The PON architecture allows a service provider to serve multiple users with less equipment and fiber as compared with equivalent point-to-point architectures. Examples include asynchronous transfer mode (ATM) PONs (APON), broadband PONs (BPON), and more recently Ethernet PONs (EPON) as described in Institute of Electrical and Electronics Engineers 802.3ah and gigabit PONs (GPON) as described in International Telecommunications Union-Telecommunication (ITU-T) G.984. However, because there are many more network nodes, a multipoint PON is more difficult to maintain and more difficult to troubleshoot when service problems occur.
During the installation of a PON, skilled technicians with specialized test equipment may verify that the optical distribution network (ODN) is properly deployed and meets intended performance characteristics. This process is conducted before the service is provided to customers, i.e., during an out-of-service period. After installation, test equipment may be removed, network nodes installed, and service brought on-line.
If service at one of the network nodes, such as an optical network unit, begins to malfunction, customers associated with an associated branch or path of the PON may experience intermittent or complete service interruptions. A skilled technician, equipped with specialized test equipment may be dispatched to troubleshoot, repair, and restart the service—typically an expensive and time consuming process. Optical path measurements may be performed to help isolate and locate a variety of service problems. In addition, optical path measurements may also be performed to ensure the optical path is operating properly and ready to be put back into service.
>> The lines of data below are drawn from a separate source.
(* For every integer $n\ge4$, $$D_3(n)=2A(n-3)-2A(n-1)+2A(n).$$
   Context: $A(n)$ is the number of partitions of $n$ into distinct parts. $D_3(n)$ is the number of partitions of $n$ into non-negative parts (the part $0$ is allowed) in which the smallest part appears exactly $3$ times and no other part is repeated. *)

theory Defs
  imports Main "HOL-Library.Multiset"
begin

definition A :: "nat \<Rightarrow> nat" where
  "A n = card {M :: nat multiset. sum_mset M = n \<and> 0 \<notin># M \<and> (\<forall>x\<in>#M. count M x = 1)}"

definition D3 :: "nat \<Rightarrow> nat" where
  "D3 n = card {M :: nat multiset. sum_mset M = n \<and> M \<noteq> {#} \<and>
      count M (Min (set_mset M)) = 3 \<and>
      (\<forall>x\<in>#M. x \<noteq> Min (set_mset M) \<longrightarrow> count M x = 1)}"

end

theory Submission
  imports Defs
begin

text \<open>
  Deleting the three copies of the smallest part s of a partition counted by D3(n) leaves a
  partition of n - 3s into distinct parts greater than s. Writing Q s k for the number of
  partitions of k into distinct parts greater than s, we get D3(n) = sum over s of Q s (n - 3s).
  Splitting on whether s + 1 is a part gives Q s k = Q (s+1) k + Q (s+1) (k - s - 1), and with
  this recurrence an explicit eight-term combination Q_tail s k of values of Q s satisfies
  Q_tail s k - Q_tail (s+1) k = Q s (k - 3s) and vanishes once s \<ge> k \<ge> 4. So the sum
  telescopes to Q_tail 0 n = 2 Q 0 n - 2 Q 0 (n - 1) + 2 Q 0 (n - 3), and Q 0 = A.
\<close>

definition distinct_partitions_gt :: "nat \<Rightarrow> int \<Rightarrow> nat set set" where
  "distinct_partitions_gt s k = {S. finite S \<and> S \<subseteq> {s<..} \<and> int (\<Sum>S) = k}"

text \<open>The size k is an integer so that Q s k = 0 for k < 0 needs no truncated subtraction.\<close>

definition Q :: "nat \<Rightarrow> int \<Rightarrow> int" where
  "Q s k = int (card (distinct_partitions_gt s k))"

lemma member_le_Sum_nat: "finite S \<Longrightarrow> x \<in> S \<Longrightarrow> x \<le> \<Sum>S" for S :: "nat set"
  by (rule member_le_sum) auto

lemma distinct_partitions_gt_subset_Pow: "distinct_partitions_gt s k \<subseteq> Pow {..nat k}"
proof
  fix S assume "S \<in> distinct_partitions_gt s k"
  then have "finite S" and k: "k = int (\<Sum>S)"
    unfolding distinct_partitions_gt_def by auto
  then show "S \<in> Pow {..nat k}"
    unfolding k nat_int using member_le_Sum_nat by blast
qed

lemma finite_distinct_partitions_gt: "finite (distinct_partitions_gt s k)"
  by (rule finite_subset[OF distinct_partitions_gt_subset_Pow]) simp

lemma distinct_partitions_gt_eq_empty:
  assumes "k < 0 \<or> 0 < k \<and> k \<le> int s"
  shows "distinct_partitions_gt s k = {}"
proof -
  have False if "finite S" "S \<subseteq> {s<..}" "int (\<Sum>S) = k" for S
  proof -
    from that assms have "S \<noteq> {}" by auto
    then obtain x where "x \<in> S" by blast
    with that have "x \<le> \<Sum>S" "s < x" by (auto intro: member_le_Sum_nat)
    with that assms show False by linarith
  qed
  then show ?thesis unfolding distinct_partitions_gt_def by blast
qed

lemma Q_eq_0: "k < 0 \<or> 0 < k \<and> k \<le> int s \<Longrightarrow> Q s k = 0"
  by (simp add: Q_def distinct_partitions_gt_eq_empty)

lemma distinct_partitions_gt_Suc:
  "distinct_partitions_gt s k =
     distinct_partitions_gt (Suc s) k \<union>
     insert (Suc s) ` distinct_partitions_gt (Suc s) (k - int (Suc s))"
    (is "?L = ?R1 \<union> ?R2")
proof (intro equalityI subsetI)
  fix S assume S: "S \<in> ?L"
  show "S \<in> ?R1 \<union> ?R2"
  proof (cases "Suc s \<in> S")
    case True
    with S have "S - {Suc s} \<in> distinct_partitions_gt (Suc s) (k - int (Suc s))"
      unfolding distinct_partitions_gt_def by (auto simp: sum_diff1)
    moreover from True have "S = insert (Suc s) (S - {Suc s})" by blast
    ultimately show ?thesis by (intro UnI2) (rule image_eqI)
  next
    case False
    have "S \<subseteq> {Suc s<..}"
    proof
      fix x assume "x \<in> S"
      with S False have "s < x" "x \<noteq> Suc s"
        unfolding distinct_partitions_gt_def by auto
      then show "x \<in> {Suc s<..}" by simp
    qed
    with S show ?thesis
      unfolding distinct_partitions_gt_def by (intro UnI1) simp
  qed
next
  fix S assume "S \<in> ?R1 \<union> ?R2"
  then show "S \<in> ?L"
  proof
    assume "S \<in> ?R1"
    then show ?thesis unfolding distinct_partitions_gt_def by auto
  next
    assume "S \<in> ?R2"
    then obtain T where T: "T \<in> distinct_partitions_gt (Suc s) (k - int (Suc s))"
      and S: "S = insert (Suc s) T" by blast
    moreover from T have "Suc s \<notin> T"
      unfolding distinct_partitions_gt_def by auto
    ultimately show ?thesis
      unfolding distinct_partitions_gt_def by auto
  qed
qed

lemma Q_Suc: "Q s k = Q (Suc s) k + Q (Suc s) (k - int s - 1)"
proof -
  let ?P = "distinct_partitions_gt (Suc s)"
  have "inj_on (insert (Suc s)) (?P j)" for j
  proof (rule inj_onI)
    fix X Y assume "X \<in> ?P j" "Y \<in> ?P j" "insert (Suc s) X = insert (Suc s) Y"
    moreover from this have "Suc s \<notin> X" "Suc s \<notin> Y"
      by (auto simp: distinct_partitions_gt_def)
    ultimately show "X = Y" by (metis insert_ident)
  qed
  moreover have "?P k \<inter> insert (Suc s) ` ?P j = {}" for j
    by (auto simp: distinct_partitions_gt_def)
  ultimately show ?thesis
    unfolding Q_def distinct_partitions_gt_Suc[of s k]
    by (simp add: card_Un_disjoint card_image finite_distinct_partitions_gt algebra_simps)
qed

text \<open>Closed form, for k \<ge> 4, of the tail sum of Q t (k - 3t) over t \<ge> s.\<close>

definition Q_tail :: "nat \<Rightarrow> int \<Rightarrow> int" where
  "Q_tail s k = Q s (k - 3 * int s) + Q s (k - 2 - 2 * int s) + Q s (k - 3 - int s)
     - Q s (k - 1 - int s) + Q s k - Q s (k - 1) - Q s (k - 2) + Q s (k - 3)"

lemma Q_tail_diff: "Q_tail s k - Q_tail (Suc s) k = Q s (k - 3 * int s)"
proof -
  have "Q s (k - 3 * int s) = Q (Suc s) (k - 3 * int s) + Q (Suc s) (k - 1 - 4 * int s)"
    "Q s (k - 2 - 2 * int s) = Q (Suc s) (k - 2 - 2 * int s) + Q (Suc s) (k - 3 - 3 * int s)"
    "Q s (k - 3 - int s) = Q (Suc s) (k - 3 - int s) + Q (Suc s) (k - 4 - 2 * int s)"
    "Q s (k - 1 - int s) = Q (Suc s) (k - 1 - int s) + Q (Suc s) (k - 2 - 2 * int s)"
    "Q s k = Q (Suc s) k + Q (Suc s) (k - 1 - int s)"
    "Q s (k - 1) = Q (Suc s) (k - 1) + Q (Suc s) (k - 2 - int s)"
    "Q s (k - 2) = Q (Suc s) (k - 2) + Q (Suc s) (k - 3 - int s)"
    "Q s (k - 3) = Q (Suc s) (k - 3) + Q (Suc s) (k - 4 - int s)"
    by (simp_all add: Q_Suc[of s] algebra_simps)
  then show ?thesis
    unfolding Q_tail_def by (simp add: algebra_simps)
qed

lemma Q_tail_eq_0: "4 \<le> k \<Longrightarrow> k \<le> int s \<Longrightarrow> Q_tail s k = 0"
  unfolding Q_tail_def by (simp add: Q_eq_0)

lemma sum_Q_eq_Q_tail_0:
  assumes "4 \<le> k"
  shows "(\<Sum>s\<le>nat k. Q s (k - 3 * int s)) = Q_tail 0 k"
proof -
  have "(\<Sum>s\<le>nat k. Q s (k - 3 * int s)) = (\<Sum>s\<le>nat k. Q_tail s k - Q_tail (Suc s) k)"
    by (simp add: Q_tail_diff)
  also have "\<dots> = Q_tail 0 k - Q_tail (Suc (nat k)) k"
    by (rule sum_telescope)
  also have "\<dots> = Q_tail 0 k"
    using assms by (simp add: Q_tail_eq_0)
  finally show ?thesis .
qed

lemma sum_mset_mset_set: "sum_mset (mset_set S) = \<Sum>S" for S :: "'a::comm_monoid_add set"
  by (simp add: sum_unfold_sum_mset)

lemma mset_set_set_mset_eq:
  assumes "\<forall>x\<in>#M. count M x = 1"
  shows "mset_set (set_mset M) = M"
proof (rule multiset_eqI)
  fix x show "count (mset_set (set_mset M)) x = count M x"
    using assms by (cases "x \<in># M") (auto simp: not_in_iff)
qed

lemma A_eq_Q_0: "int (A n) = Q 0 (int n)"
proof -
  let ?M = "{M :: nat multiset. sum_mset M = n \<and> 0 \<notin># M \<and> (\<forall>x\<in>#M. count M x = 1)}"
  have "bij_betw mset_set (distinct_partitions_gt 0 (int n)) ?M"
  proof (rule bij_betw_byWitness[where f' = set_mset])
    show "\<forall>M\<in>?M. mset_set (set_mset M) = M"
      by (simp add: mset_set_set_mset_eq)
    show "set_mset ` ?M \<subseteq> distinct_partitions_gt 0 (int n)"
    proof (rule image_subsetI)
      fix M assume M: "M \<in> ?M"
      then have "\<Sum>(set_mset M) = n"
        by (metis (mono_tags, lifting) mem_Collect_eq mset_set_set_mset_eq sum_mset_mset_set)
      with M show "set_mset M \<in> distinct_partitions_gt 0 (int n)"
        by (auto simp del: of_nat_sum simp: distinct_partitions_gt_def) (metis gr0I)
    qed
  qed (auto simp del: of_nat_sum simp: distinct_partitions_gt_def sum_mset_mset_set)
  then show ?thesis
    unfolding A_def Q_def by (simp add: bij_betw_same_card)
qed

lemma multiset_eq_smallest_part_plus_rest:
  assumes "\<forall>x\<in>#M. x \<noteq> Min (set_mset M) \<longrightarrow> count M x = 1"
  shows "replicate_mset (count M (Min (set_mset M))) (Min (set_mset M))
           + mset_set (set_mset M - {Min (set_mset M)}) = M"
proof (rule multiset_eqI)
  fix x show "count (replicate_mset (count M (Min (set_mset M))) (Min (set_mset M))
             + mset_set (set_mset M - {Min (set_mset M)})) x = count M x"
    using assms by (cases "x \<in># M") (auto simp: not_in_iff)
qed

lemma Min_insert_greaterThan: "finite S \<Longrightarrow> S \<subseteq> {s<..} \<Longrightarrow> Min (insert s S) = s"
  for s :: "'a::linorder"
  by (rule Min_insert2) (auto simp: subset_iff)

lemma remove_smallest_part_in_distinct_partitions_gt:
  fixes M :: "nat multiset"
  defines "s \<equiv> Min (set_mset M)"
  assumes "0 < r" and "count M s = r" and "\<forall>x\<in>#M. x \<noteq> s \<longrightarrow> count M x = 1"
  shows "s \<le> sum_mset M"
    and "set_mset M - {s} \<in> distinct_partitions_gt s (int (sum_mset M) - int (r * s))"
proof -
  define S where "S = set_mset M - {s}"
  have "replicate_mset r s + mset_set S = M"
    using assms multiset_eq_smallest_part_plus_rest unfolding S_def by auto
  then have sum: "sum_mset M = r * s + \<Sum>S"
    by (auto simp: sum_mset_mset_set)
  have "s \<le> r * s" using assms by simp
  with sum show "s \<le> sum_mset M" by linarith
  have "S \<subseteq> {s<..}"
  proof
    fix x assume "x \<in> S"
    then have "s \<le> x" "x \<noteq> s" by (auto simp: S_def s_def)
    then show "x \<in> {s<..}" by simp
  qed
  moreover have "finite S" by (simp add: S_def)
  ultimately show "set_mset M - {s} \<in> distinct_partitions_gt s (int (sum_mset M) - int (r * s))"
    unfolding S_def[symmetric] distinct_partitions_gt_def using sum by simp
qed

lemma card_partitions_smallest_part_mult:
  assumes "0 < r"
  shows "card {M :: nat multiset. sum_mset M = n \<and> M \<noteq> {#} \<and>
            count M (Min (set_mset M)) = r \<and>
            (\<forall>x\<in>#M. x \<noteq> Min (set_mset M) \<longrightarrow> count M x = 1)}
         = (\<Sum>s\<le>n. card (distinct_partitions_gt s (int n - int (r * s))))"
    (is "card ?D = _")
proof -
  let ?G = "SIGMA s:{..n}. distinct_partitions_gt s (int n - int (r * s))"
  let ?f = "\<lambda>(s, S). replicate_mset r s + mset_set S"
  let ?g = "\<lambda>M. (Min (set_mset M), set_mset M - {Min (set_mset M)})"
  have "bij_betw ?f ?G ?D"
  proof (rule bij_betw_byWitness[where f' = ?g])
    show "\<forall>p\<in>?G. ?g (?f p) = p"
      using assms by (auto simp: distinct_partitions_gt_def Min_insert_greaterThan)
    show "\<forall>M\<in>?D. ?f (?g M) = M"
      using multiset_eq_smallest_part_plus_rest by auto
    show "?f ` ?G \<subseteq> ?D"
    proof (rule image_subsetI)
      fix p assume "p \<in> ?G"
      then obtain s S where p: "p = (s, S)" and "S \<in> distinct_partitions_gt s (int n - int (r * s))"
        by blast
      then have "finite S" "S \<subseteq> {s<..}" and "int (r * s + \<Sum>S) = int n"
        unfolding distinct_partitions_gt_def by (auto simp del: of_nat_sum)
      moreover from this have "s \<notin> S" by auto
      ultimately show "?f p \<in> ?D"
        unfolding p
        using assms by (simp only: of_nat_eq_iff) (auto simp: Min_insert_greaterThan sum_mset_mset_set)
    qed
    show "?g ` ?D \<subseteq> ?G"
    proof (rule image_subsetI)
      fix M assume "M \<in> ?D"
      with assms remove_smallest_part_in_distinct_partitions_gt[of r M]
      show "?g M \<in> ?G" by auto
    qed
  qed
  then have "card ?D = card ?G"
    by (simp add: bij_betw_same_card)
  also have "\<dots> = (\<Sum>s\<le>n. card (distinct_partitions_gt s (int n - int (r * s))))"
    by (simp add: finite_distinct_partitions_gt)
  finally show ?thesis .
qed

theorem corollary13:
  fixes n :: nat
  assumes "n \<ge> 4"
  shows "int (D3 n) = 2 * int (A (n - 3)) - 2 * int (A (n - 1)) + 2 * int (A n)"
proof -
  have "D3 n = (\<Sum>s\<le>n. card (distinct_partitions_gt s (int n - int (3 * s))))"
    unfolding D3_def by (rule card_partitions_smallest_part_mult) simp
  then have "int (D3 n) = (\<Sum>s\<le>n. Q s (int n - 3 * int s))"
    by (simp add: Q_def)
  also have "\<dots> = Q_tail 0 (int n)"
    using sum_Q_eq_Q_tail_0[of "int n"] assms by simp
  also have "\<dots> = 2 * Q 0 (int n) - 2 * Q 0 (int (n - 1)) + 2 * Q 0 (int (n - 3))"
    using assms by (simp add: Q_tail_def)
  finally show ?thesis
    by (simp add: A_eq_Q_0)
qed

end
A number of service problems result from optical path degradation that occurs over time. An ability to conduct in-service optical measurements may provide valuable information to allow a service provider to proactively monitor optical path condition and detect performance degradation before customers begin to experience a loss of service. However, once service is enabled, it becomes much more difficult to perform routine attenuation measurements using existing methods for a number of reasons. Current methods of measuring optical path attenuation may include the halting network service, installing specialized test equipment, such as optical power meters and optical time domain reflectometers, to measure and characterize parameters resulting in system downtime.
Alternative methods may include leaving a number connections attached to the PON and connecting test equipment in the field to perform attenuation measurements, which may include using non-traffic bearing wavelengths to communicate specific, non-traffic bearing test signals. However, the additional test equipment and labor costs can increase operational expenses. Furthermore, the additional test equipment necessarily includes additional connectors, which may adversely impact the PON's power budget, potentially decreasing the number of network nodes, and ultimately customers, a system operator is able to serve. These methods may not provide information indicative of optical path quality to, for example, each ONT.
According to some embodiments of the present invention, a PON is able to determine optical path attenuation while in-service, without additional test equipment or connectors. The technique takes advantage of the fact that current OLT and ONUs now have the ability to measure the transmit and/or receive optical power of an optical signal. Together with optical path distance, such as that determinable using existing ranging data, optical path attenuation may be determined to provide an indication of the optical path quality to each ONT.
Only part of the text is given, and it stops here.